The meaning of the mnemonic also includes DF representing Diabetic Foot, meaning that every DFU patient is a VIP and must be properly cared for.

  1. V

    Refers to Vessel assessment, ensuring that the patient has no ischemic risk. Once vascular lesions are suspected, early diagnosis and intervention with percutaneous angioplasty, vascular reconstruction, or bypass surgery should be provided to prevent deterioration and affect wound healing.

  2. I

    Refers to Infection Control. Effective infection control, including the treatment of osteomyelitis, is essential to prevent healing delay caused by infections.

  3. P

    Refers to Pressure assessment. The pressure on the wound will lead to difficulty in wound bed cell migration, causing ischemia and necrosis, preventing effective tissue growth. Good offloading insoles or special diabetic foot offloading shoes can effectively prevent ulcers caused by inappropriate pressure on the feet.

  4. D

    Refers to Debride, removing necrotic tissue on the wound, which can also affect wound healing. Effective wound debridement is needed to remove necrotic tissue that hinders healing, allowing the wound to grow smoothly. With the development of biotechnology, newly developed drugs offer new hope for rapid healing.

  5. F

    Refers to Fast Healing. Fast healing can effectively reduce the risk of infection and subsequent amputation.

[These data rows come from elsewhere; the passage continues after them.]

lemma coeff_degree_le_fps_map_coeff_map_poly:
  assumes "f 0 = 0" and "coeff_degree_le D X"
  shows "coeff_degree_le D (fps_map_coeff (map_poly f) X)"
proof -
  have "degree (map_poly f p) \<le> degree p" for p
    by (rule degree_le) (simp add: coeff_map_poly assms(1) coeff_eq_0)
  then show ?thesis
    using assms(2) unfolding coeff_degree_le_def by (metis fps_map_coeff_nth order_trans)
qed

lemma coeff_degree_le_fps_ln1p:
  assumes "comm_alg sc" and "degree a \<le> D"
  shows "coeff_degree_le D (fps_ln1p (poly_scale sc) a)"
proof -
  interpret P: comm_alg "poly_scale sc"
    using comm_alg_poly_scale assms(1) .
  have "degree (a ^ d) \<le> D * d" for d
    using degree_power_le[of a d] assms(2) by (metis mult.commute mult_le_mono2 order_trans)
  then show ?thesis
    unfolding coeff_degree_le_def P.fps_ln1p_nth of_scalar_poly_scale
    by (auto intro: order_trans[OF degree_smult_le])
qed

lemma fps_diag_nth_eq_0:
  assumes "coeff_degree_le D W" and "\<And>d. n < d \<Longrightarrow> W $ d = 0" and "Suc D * n < k"
  shows "fps_diag W $ k = 0"
  unfolding fps_diag_nth
proof (rule sum.neutral, intro ballI)
  fix d assume "d \<in> {..k}"
  show "coeff (W $ d) (k - d) = 0"
  proof (cases "n < d")
    case False
    then have "Suc D * d < k"
      using assms(3) by (meson le_less_trans mult_le_mono2 not_less)
    then have "degree (W $ d) < k - d"
      using assms(1) unfolding coeff_degree_le_def by (metis add.commute le_less_trans less_diff_conv mult_Suc)
    then show ?thesis
      by (simp add: coeff_eq_0)
  qed (simp add: assms(2))
qed
(* Let $s\ge2$ and $\alpha>0$. For integers $2\le i\le j$, let $I_i=[i,i+\alpha\log i]$ and $I_j=[j,j+\alpha\log j]$. Then $$\sum_{\substack{\omega\sim\omega'\\ \omega\in\Omega_{I_i},\ \omega'\in\Omega_{I_j}}}P(E_\omega\cap E_{\omega'})\ll i^{-1/s}(\log i)^2(\log j),$$ with implied constant depending only on $s$ and $\alpha$.
   Context: Let $A\subseteq\{1,2,\dots\}$ be a random set in which the events $\{n\in A\}$ are mutually independent with $P(n\in A)=\frac1s n^{-1+1/s}$. For a finite set $\omega$ of distinct positive integers, $E_\omega$ is the event $\{\omega\subseteq A\}$. For $\omega=\{x_1,\dots,x_r\}$ define $\sigma(\omega)=\{a_1x_1+\cdots+a_rx_r: a_1+\cdots+a_r=s,\ a_i\ge1 \text{ integers}\}$. For an interval $I$, $\Omega_I=\{\omega:\sigma(\omega)\cap I\neq\emptyset\}$. We write $\omega\sim\omega'$ if $\omega\cap\omega'\neq\emptyset$ and $\omega\neq\omega'$. *)

theory Defs
  imports "HOL-Probability.Probability"
begin

definition incl_prob :: "nat \<Rightarrow> nat \<Rightarrow> real" where
  "incl_prob s n = (1 / real s) * real n powr (-1 + 1 / real s)"

definition sigma_set :: "nat \<Rightarrow> nat set \<Rightarrow> nat set" where
  "sigma_set s \<omega> = {(\<Sum>x\<in>\<omega>. a x * x) | a. (\<forall>x\<in>\<omega>. 1 \<le> a x) \<and> (\<Sum>x\<in>\<omega>. a x) = s}"

definition Omega_I :: "nat \<Rightarrow> real \<Rightarrow> real \<Rightarrow> nat set set" where
  "Omega_I s lo hi = {\<omega>. finite \<omega> \<and> \<omega> \<subseteq> {1..} \<and>
      (\<exists>m\<in>sigma_set s \<omega>. lo \<le> real m \<and> real m \<le> hi)}"

definition related :: "nat set \<Rightarrow> nat set \<Rightarrow> bool" where
  "related \<omega> \<omega>' \<longleftrightarrow> \<omega> \<inter> \<omega>' \<noteq> {} \<and> \<omega> \<noteq> \<omega>'"

definition event_E :: "'a measure \<Rightarrow> ('a \<Rightarrow> nat set) \<Rightarrow> nat set \<Rightarrow> 'a set" where
  "event_E M A \<omega> = {x \<in> space M. \<omega> \<subseteq> A x}"

end

theory Submission
  imports Defs
begin

text \<open>
  By independence, \<open>P(E_\<omega> \<inter> E_\<omega>')\<close> is the product of \<open>p(n) = n^(1/s - 1) / s\<close> over \<open>\<omega> \<union> \<omega>'\<close>.
  Two facts drive all estimates. Free elements below \<open>N\<close> cost a factor \<open>N^(1/s)\<close> each, since
  \<open>p(1) + ... + p(N) \<le> N^(1/s)\<close>. An element completing a set \<open>R\<close> to one whose \<open>\<sigma>\<close> meets
  \<open>I = [lo, hi]\<close> ranges over at most \<open>s^(|R| + 1) (|I| + 1)\<close> integers, all at least \<open>lo / s\<close>, so it
  costs only \<open>O(|I| lo^(1/s - 1))\<close>.

  Let \<open>x\<close> be the largest element of \<open>\<omega> \<union> \<omega>'\<close> for a related pair. If \<open>x\<close> lies only in \<open>\<omega>'\<close>,
  the pair costs \<open>P(E_\<omega>)\<close> times the cost of \<open>\<omega>'\<close> given \<open>\<omega>\<close>: thanks to a common element, \<open>\<omega>'\<close> has at
  most \<open>s - 2\<close> free elements besides the completion \<open>x\<close>, so this factor is \<open>O(log j j^(-1/s))\<close>, and
  \<open>\<Sum>\<^sub>\<omega> P(E_\<omega>) = O(log i)\<close>. If \<open>x\<close> is shared, let \<open>w\<close> be the largest element of the symmetric
  difference: \<open>x\<close> completes \<open>\<omega>\<close>, \<open>w\<close> completes \<open>\<omega>'\<close>, and the remaining at most \<open>2s - 3\<close>
  elements are summed after splitting them at the largest one \<open>u\<close> below \<open>w\<close>; summing
  \<open>p(u) u^(1/s - 1)\<close> against the free elements below \<open>u\<close> produces the extra factor \<open>log i\<close>.
\<close>

lemma sum_le_sum_inj:
  fixes g :: "'a \<Rightarrow> real" and h :: "'b \<Rightarrow> real"
  assumes "finite B" "inj_on \<phi> A" "\<phi> ` A \<subseteq> B" "\<And>a. a \<in> A \<Longrightarrow> g a \<le> h (\<phi> a)"
    "\<And>b. b \<in> B \<Longrightarrow> 0 \<le> h b"
  shows "sum g A \<le> sum h B"
proof -
  have "finite A" using assms(1-3) finite_imageD finite_subset by blast
  then have "sum g A \<le> sum (h \<circ> \<phi>) A" using assms(4) by (intro sum_mono) auto
  also have "\<dots> = sum h (\<phi> ` A)" using assms(2) by (simp add: sum.reindex)
  also have "\<dots> \<le> sum h B" using assms by (intro sum_mono2) auto
  finally show ?thesis .
qed

lemma sum_Sigma_le:
  fixes g :: "'a \<times> 'b \<Rightarrow> real"
  assumes "finite A" "\<And>a. a \<in> A \<Longrightarrow> finite (B a)" "\<And>a. a \<in> A \<Longrightarrow> (\<Sum>b\<in>B a. g (a, b)) \<le> h a"
  shows "sum g (Sigma A B) \<le> sum h A"
proof -
  have "sum g (Sigma A B) = (\<Sum>a\<in>A. \<Sum>b\<in>B a. g (a, b))"
    using assms(1,2) by (subst sum.Sigma) auto
  also have "\<dots> \<le> sum h A" using assms(3) by (intro sum_mono) auto
  finally show ?thesis .
qed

Through the V.I.P.D.F. mnemonic, diabetic foot patients can quickly and easily assess whether the wound can heal. Recent research indicates that the main reason for the poor healing of DFU wounds is chronic inflammation. Chronic inflammation results in the production of a large number of pro-inflammatory mediators in the wound cell environment, leading to a prolonged inflammatory state of the immune system, preventing wound granulation tissue proliferation and entering the healing stage. Therefore, research suggests that adjusting the inflammatory issues in the wound microenvironment can effectively help heal diabetic foot ulcers.

Poor healing of diabetic foot wounds leading to amputation is the main cause of disability in diabetic patients. Once amputated, it affects physical, psychological, life, work, or interpersonal relationships. Therefore, a comprehensive medical team needs to address the multiple issues in treating diabetic foot, ensuring patients achieve the best quality of life. The trend of increasing foot lesions in diabetes in recent years highlights the importance of prevention and disease education to avoid the occurrence of diabetic foot ulcers. Therefore, the care of diabetic feet requires joint efforts from healthcare professionals, patients, and their families.